▶ **TASK DIRECTIONS**: With both ends included, repeat exactly the lines of the entries below from the one containing "unfolding e_def by measurable" down to the one containing "(* Let $P,Q$", and no others.

▶ **RAW DATA**:

definition loop_output :: "(nat \<Rightarrow> real^'m) \<times> (real^'n) \<Rightarrow> nat \<Rightarrow> (nat \<Rightarrow> real) \<Rightarrow> real" where
  "loop_output \<xi> k \<delta> = Ct \<bullet> loop_state \<xi> k \<delta> + Dtw \<bullet> fst \<xi> k"

lemma strictly_causal_loop_state: "strictly_causal (loop_state \<xi>)"
  unfolding strictly_causal_def
proof (intro allI impI)
  fix k and \<delta> \<delta>' :: "nat \<Rightarrow> real"
  assume "\<forall>j<k. \<delta> j = \<delta>' j"
  then show "loop_state \<xi> k \<delta> = loop_state \<xi> k \<delta>'"
  proof (induction k rule: less_induct)
    case (less k)
    show ?case
    proof (cases k)
      case (Suc k')
      have "loop_state \<xi> k' \<delta> = loop_state \<xi> k' \<delta>'"
        using less Suc by simp
      moreover have "loop_state \<xi> (k' - h) \<delta> = loop_state \<xi> (k' - h) \<delta>'" "\<delta> (k' - h) = \<delta>' (k' - h)"
        if "h \<le> k'"
        using less Suc that by auto
      ultimately show ?thesis
        using Suc by simp
    qed simp
  qed
qed

lemma strictly_causal_loop_output: "strictly_causal (loop_output \<xi>)"
  using strictly_causalD[OF strictly_causal_loop_state] unfolding strictly_causal_def loop_output_def
  by metis

lemma measurable_loop_output:
  assumes [measurable_cong]: "sets N = sets (borel :: real measure)"
  shows "(\<lambda>(\<delta>, \<xi>). loop_output \<xi> k \<delta>)
    \<in> borel_measurable (PiM UNIV (\<lambda>_. N) \<Otimes>\<^sub>M (PiM UNIV (\<lambda>_. borel) \<Otimes>\<^sub>M borel))"
proof -
  have state: "(\<lambda>p. loop_state (snd p) k (fst p))
      \<in> borel_measurable (PiM UNIV (\<lambda>_. N) \<Otimes>\<^sub>M (PiM UNIV (\<lambda>_. borel) \<Otimes>\<^sub>M borel))" for k
  proof (induction k rule: less_induct)
    case (less k)
    show ?case
    proof (cases k)
      case (Suc k')
      have [measurable]: "(\<lambda>p. loop_state (snd p) j (fst p))
          \<in> borel_measurable (PiM UNIV (\<lambda>_. N) \<Otimes>\<^sub>M (PiM UNIV (\<lambda>_. borel) \<Otimes>\<^sub>M borel))"
        if "j \<le> k'" for j
        using less Suc that by simp
      show ?thesis
        unfolding Suc loop_state.simps by measurable
    qed simp
  qed
  show ?thesis
    unfolding loop_output_def case_prod_beta' using state[measurable] by measurable
qed

lemma closed_loop_output:
  assumes "x 0 = x0"
    and "\<And>k. x (Suc k) = A *v x k + Bw *v w k + rh k *\<^sub>R Br"
    and "\<And>k. t k = Ct \<bullet> x k + Dtw \<bullet> w k"
    and "\<And>k. r k = uniform_quantizer \<Delta> (t k + d k) - d k"
    and "\<And>k. rh k = (if h \<le> k then r (k - h) else 0)"
  shows "t k = loop_output (w, x0) k d"
proof -
  have "x k = loop_state (w, x0) k d" for k
  proof (induction k rule: less_induct)
    case (less k)
    then show ?case
      using assms by (cases k) simp_all
  qed
  then show ?thesis
    using assms(3) by (simp add: loop_output_def)
qed

end

theorem lemma6:
  fixes M :: "'a measure"
    and A :: "real^'n^'n" and Bw :: "real^'m^'n" and Br :: "real^'n"
    and Ct :: "real^'n" and Dtw :: "real^'m"
    and Cz :: "real^'n^'p" and Dzw :: "real^'m^'p" and Dzr :: "real^'p"
    and \<Delta> :: real and h :: nat
    and w :: "nat \<Rightarrow> 'a \<Rightarrow> real^'m" and x0 :: "'a \<Rightarrow> real^'n" and d :: "nat \<Rightarrow> 'a \<Rightarrow> real"
    and x :: "nat \<Rightarrow> 'a \<Rightarrow> real^'n" and z :: "nat \<Rightarrow> 'a \<Rightarrow> real^'p"
    and t r rh :: "nat \<Rightarrow> 'a \<Rightarrow> real"
  assumes M: "prob_space M"
    and \<Delta>: "0 < \<Delta>"
    \<comment> \<open>white noise input, jointly second order with the initial state\<close>
    and w_white: "white_noise M w"
    and x0_so: "second_order M x0"
    \<comment> \<open>dither: i.i.d., uniform on (-Delta/2, Delta/2), independent of (w, x0)\<close>
    and d_meas: "\<And>k. d k \<in> borel_measurable M"
    and d_indep: "prob_space.indep_vars M (\<lambda>_. borel) d UNIV"
    and d_unif: "\<And>k. distr M lborel (d k) = unif_quant_noise \<Delta>"
    and d_indep_wx: "indep_rv M
           (PiM UNIV (\<lambda>_. borel)) (\<lambda>\<omega> k. d k \<omega>)
           (PiM UNIV (\<lambda>_. borel) \<Otimes>\<^sub>M borel) (\<lambda>\<omega>. (\<lambda>k. w k \<omega>, x0 \<omega>))"
    \<comment> \<open>plant: state-space realization of the proper rational transfer matrix,
        with the r_h-to-t channel strictly proper (no feedthrough)\<close>
    and x_init: "\<And>\<omega>. x 0 \<omega> = x0 \<omega>"
    and x_step: "\<And>k \<omega>. x (Suc k) \<omega> = A *v x k \<omega> + Bw *v w k \<omega> + rh k \<omega> *\<^sub>R Br"
    and z_out: "\<And>k \<omega>. z k \<omega> = Cz *v x k \<omega> + Dzw *v w k \<omega> + rh k \<omega> *\<^sub>R Dzr"
    and t_out: "\<And>k \<omega>. t k \<omega> = Ct \<bullet> x k \<omega> + Dtw \<bullet> w k \<omega>"
    \<comment> \<open>ECDQ with lossless coding and channel delay h\<close>
    and r_def: "\<And>k \<omega>. r k \<omega> = uniform_quantizer \<Delta> (t k \<omega> + d k \<omega>) - d k \<omega>"
    and rh_def: "\<And>k \<omega>. rh k \<omega> = (if h \<le> k then r (k - h) \<omega> else 0)"
  shows "prob_space.indep_vars M (\<lambda>_. borel) (\<lambda>k \<omega>. r k \<omega> - t k \<omega>) UNIV
       \<and> (\<forall>k. distr M lborel (\<lambda>\<omega>. r k \<omega> - t k \<omega>) = unif_quant_noise \<Delta>)
       \<and> indep_rv M
           (PiM UNIV (\<lambda>_. borel)) (\<lambda>\<omega> k. r k \<omega> - t k \<omega>)
           (PiM UNIV (\<lambda>_. borel) \<Otimes>\<^sub>M borel) (\<lambda>\<omega>. (\<lambda>k. w k \<omega>, x0 \<omega>))"
proof -
  define U where "U = unif_quant_noise \<Delta>"
  define e where "e = (\<lambda>c u. uniform_quantizer \<Delta> (c + u) - (c + u))"
  have U: "prob_space U" "sets U = sets borel"
    using \<Delta> by (auto simp: U_def unif_quant_noise_def intro!: prob_space_uniform_measure)
  have e: "(\<lambda>(c, u). e c u) \<in> borel_measurable (borel \<Otimes>\<^sub>M borel)"
    unfolding e_def by measurable
  have e_preserving: "distr U borel (e c) = U" for c
    using distr_uniform_quantizer_error[OF \<Delta>] by (simp add: e_def U_def)
  have d_distr: "distr M borel (d k) = U" for k
    using d_unif by (simp add: U_def distr_lborel_eq_borel)
  have error: "r k \<omega> - t k \<omega> = e (loop_output A Bw Br Ct Dtw \<Delta> h (\<lambda>j. w j \<omega>, x0 \<omega>) k (\<lambda>j. d j \<omega>)) (d k \<omega>)"
    for k \<omega>
  proof -
    have "t k \<omega> = loop_output A Bw Br Ct Dtw \<Delta> h (\<lambda>j. w j \<omega>, x0 \<omega>) k (\<lambda>j. d j \<omega>)"
      by (rule closed_loop_output[where x="\<lambda>k. x k \<omega>" and rh="\<lambda>k. rh k \<omega>" and r="\<lambda>k. r k \<omega>"])
        (simp_all add: x_init x_step t_out r_def rh_def)
    then show ?thesis
      by (simp add: r_def e_def)
  qed
  show ?thesis
    using causal_innovations_iid_indep[OF M U e e_preserving d_meas d_indep d_distr d_indep_wx
        measurable_loop_output[OF refl] strictly_causal_loop_output]
    by (simp add: error U_def distr_lborel_eq_borel)
qed
(* Let $P,Q$ be convex $n$-dimensional polytopes in an $n$-dimensional real vector space $E$, each containing the origin in its interior, and let $X=\partial P$, $Y=\partial Q$. Let $\psi:\mathcal F(X)\to\mathcal F(Y)$ be an order-preserving map and $\psi^*:\mathcal F(\partial P^\circ)\to\mathcal F(\partial Q^\circ)$ its dual map. Then $\operatorname{c.deg}\psi=\operatorname{c.deg}\psi^*$.
   Context: For a convex $n$-dimensional polytope $P$, the boundary $\partial P$ (with its faces) is an $(n-1)$-dimensional polyhedral set; $\mathcal F(\partial P)$ is the set of proper faces of $P$ ordered by inclusion. For an order-preserving $\psi:\mathcal F(\partial P)\to\mathcal F(\partial Q)$, a continuous map $f:\partial P\to\partial Q$ is characteristic for $\psi$ if $f(G)\subset\psi(G)$ for all $G$; such maps exist and are all homotopic. Orienting $P$ and $Q$ gives isomorphisms $H_{n-1}(\partial P)\cong\mathbb Z\cong H_{n-1}(\partial Q)$, under which $H_{n-1}(f)$ is multiplication by an integer, called the combinatorial degree $\operatorname{c.deg}\psi$. Here $P,Q$ are oriented by a fixed orientation of $E$, and $P^\circ,Q^\circ$ by the dual orientation of $E^*$. The polar polytope is $P^\circ=\{v\in E^*:\langle u,v\rangle\ge -1\ \forall u\in P\}$; there is an order-reversing bijection $G\mapsto G^*$ from proper faces of $P$ to proper faces of $P^\circ$ with $\dim G^*=n-1-\dim G$. The dual map is defined by $\psi^*(G^* )=(\psi(G))^*$; it is order-preserving. *)

theory Defs
  imports "HOL-Analysis.Analysis" "HOL-Homology.Homology"
begin
(* Let $f$ be a piecewise smooth function with rational discontinuities at $0\le x_1<\dots<x_\nu<1$; put $x_0=0$, $A_i=\lim_{\delta\to0}[f(x_i-\delta)-f(x_i+\delta)]$, $c_i=\sum_{j=1}^iA_j$, and $g(x)=(\{x\}-\tfrac12)\sum_{i=1}^\nu A_i+\sum_{i=1}^\nu c_i(\mathbb{1}_{[x_{i-1},x_i)}(\{x\})-(x_i-x_{i-1}))$. Assume $\sum_{i=1}^\nu A_i\ne0$ or $\sum_{i=1}^\nu c_i(x_i-x_{i-1})\ne0$. Then there exist constants $c,c'>0$ and integers $\mu_j,\beta_j,\gamma_j,\delta_j$ ($j=1,2$), depending on $f$, and a constant $D>0$ such that for every irrational $\alpha=[0;a_1,a_2,\dots]$ the following holds for all sufficiently large $K$ with $a_K$ sufficiently large: (1) if $K\equiv\mu_1\pmod{\beta_1}$ and $q_{K-1}\equiv\gamma_1\pmod{\delta_1}$, then for every integer $0\le b\le ca_K$, $S_{bq_{K-1}}(g,\alpha)\ge bc'-D\sum_{i=1}^{K-1}a_i$; (2) if $K\equiv\mu_2\pmod{\beta_2}$ and $q_{K-1}\equiv\gamma_2\pmod{\delta_2}$, then for every integer $0\le b\le ca_K$, $S_{bq_{K-1}}(g,\alpha)\le -bc'+D\sum_{i=1}^{K-1}a_i$.
   Context: $\{x\}$ is the fractional part; $q_k$ are the convergent denominators of $\alpha$ ($q_0=1,q_1=a_1,q_{k+1}=a_{k+1}q_k+q_{k-1}$). $S_N(g,\alpha):=\sum_{n=1}^N g(n\alpha)-N\int_0^1 g$. A $1$-periodic $f$ is a piecewise smooth function with rational discontinuities if there exist $\nu\ge1$ and rationals $0\le x_1<\dots<x_\nu<1$ such that $f$ is differentiable on $[0,1)\setminus\{x_1,\dots,x_\nu\}$, the restriction of $f'$ to $[0,1)$ extends to a function of bounded variation on $[0,1)$, and $\lim_{\delta\to0}[f(x_i-\delta)-f(x_i+\delta)]\ne0$ for some $i$. *)

theory Defs
  imports "HOL-Analysis.Analysis"
begin

definition bounded_variation_on :: "(real \<Rightarrow> real) \<Rightarrow> real set \<Rightarrow> bool" where
  "bounded_variation_on h S \<longleftrightarrow>
     (\<exists>B. \<forall>ts::real list. sorted ts \<and> set ts \<subseteq> S \<longrightarrow>
        (\<Sum>k<length ts - 1. \<bar>h (ts ! Suc k) - h (ts ! k)\<bar>) \<le> B)"
(* For all $h\ge1$ and $i_1,\dots,i_h,j_1,\dots,j_h\in\{1,\dots,n\}$, $\mathcal K\big([i_1,\dots,i_h|j_1,\dots,j_h]\big)=(-1)^{\binom h2}(i_1|j_1)(i_2|j_2)\cdots(i_h|j_h)\in\mathbb{C}[M_{n,n}]$.
   Context: $\mathbb{C}[M_{n,n}]$ is the polynomial algebra in commuting indeterminates $(i|j)$, $1\le i,j\le n$. $D^l_{ij}$ is the derivation of $\mathbb{C}[M_{n,n}]$ with $D^l_{ij}((h|k))=\delta_{jh}(i|k)$. Let $\rho_{ij}(\mathbf p)=D^l_{ij}(\mathbf p)+(i|j)\mathbf p$; the map $e_{ij}\mapsto\rho_{ij}$ extends to an algebra morphism $\tau:\mathbf{U}(gl(n))\to\mathrm{End}_{\mathbb C}(\mathbb{C}[M_{n,n}])$. The Koszul map is the linear map $\mathcal K:\mathbf{U}(gl(n))\to\mathbb{C}[M_{n,n}]$, $\mathcal K(\mathbf P)=\tau(\mathbf P)(1)$. Virtual variables: $A_0=\{\alpha_1,\dots,\alpha_{m_0}\}$ (parity $0$), $A_1=\{\beta_1,\dots,\beta_{m_1}\}$ (parity $1$), $L=\{1,\dots,n\}$ (parity $1$), $m_0,m_1$ large; $gl(m_0|m_1+n)$ has homogeneous basis $e_{a,b}$ of parity $|a|+|b|$ and superbracket $[e_{a,b},e_{c,d}]=\delta_{bc}e_{a,d}-(-1)^{(|a|+|b|)(|c|+|d|)}\delta_{ad}e_{c,b}$, with $\mathbf{U}(gl(n))\subset\mathbf{U}(gl(m_0|m_1+n))$. A product $e_{a_m,b_m}\cdots e_{a_1,b_1}$ is irregular if for some $i\le m$ and virtual $\gamma$, $\#\{j\le i:b_j=\gamma\}>\#\{j<i:a_j=\gamma\}$; $\mathbf{Irr}$ is the left ideal they generate; it is known $Virt=\mathbf{U}(gl(n))\oplus\mathbf{Irr}$ is a subalgebra with $\mathbf{Irr}$ a two-sided ideal, and $\mathfrak p$ is the projection $Virt\to\mathbf{U}(gl(n))$ with kernel $\mathbf{Irr}$. The column Capelli bitableau is $[i_1,\dots,i_h|j_1,\dots,j_h]=\mathfrak p(e_{i_1\alpha_1}\cdots e_{i_h\alpha_h}e_{\alpha_1j_1}\cdots e_{\alpha_hj_h})$ with distinct positive virtual $\alpha_1,\dots,\alpha_h$. *)

theory Defs
  imports Complex_Main "HOL-Library.Poly_Mapping"
begin

text \<open>Polynomials in commuting indeterminates (i|j): monomials are finitely supported
  exponent maps on index pairs; polynomials are finitely supported coefficient maps.\<close>
type_synonym cpoly = "((nat \<times> nat) \<Rightarrow>\<^sub>0 nat) \<Rightarrow>\<^sub>0 complex"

▶ **WRITTEN SOLUTION**:
    unfolding e_def by measurable
  have e_preserving: "distr U borel (e c) = U" for c
    using distr_uniform_quantizer_error[OF \<Delta>] by (simp add: e_def U_def)
  have d_distr: "distr M borel (d k) = U" for k
    using d_unif by (simp add: U_def distr_lborel_eq_borel)
  have error: "r k \<omega> - t k \<omega> = e (loop_output A Bw Br Ct Dtw \<Delta> h (\<lambda>j. w j \<omega>, x0 \<omega>) k (\<lambda>j. d j \<omega>)) (d k \<omega>)"
    for k \<omega>
  proof -
    have "t k \<omega> = loop_output A Bw Br Ct Dtw \<Delta> h (\<lambda>j. w j \<omega>, x0 \<omega>) k (\<lambda>j. d j \<omega>)"
      by (rule closed_loop_output[where x="\<lambda>k. x k \<omega>" and rh="\<lambda>k. rh k \<omega>" and r="\<lambda>k. r k \<omega>"])
        (simp_all add: x_init x_step t_out r_def rh_def)
    then show ?thesis
      by (simp add: r_def e_def)
  qed
  show ?thesis
    using causal_innovations_iid_indep[OF M U e e_preserving d_meas d_indep d_distr d_indep_wx
        measurable_loop_output[OF refl] strictly_causal_loop_output]
    by (simp add: error U_def distr_lborel_eq_borel)
qed
(* Let $P,Q$ be convex $n$-dimensional polytopes in an $n$-dimensional real vector space $E$, each containing the origin in its interior, and let $X=\partial P$, $Y=\partial Q$. Let $\psi:\mathcal F(X)\to\mathcal F(Y)$ be an order-preserving map and $\psi^*:\mathcal F(\partial P^\circ)\to\mathcal F(\partial Q^\circ)$ its dual map. Then $\operatorname{c.deg}\psi=\operatorname{c.deg}\psi^*$.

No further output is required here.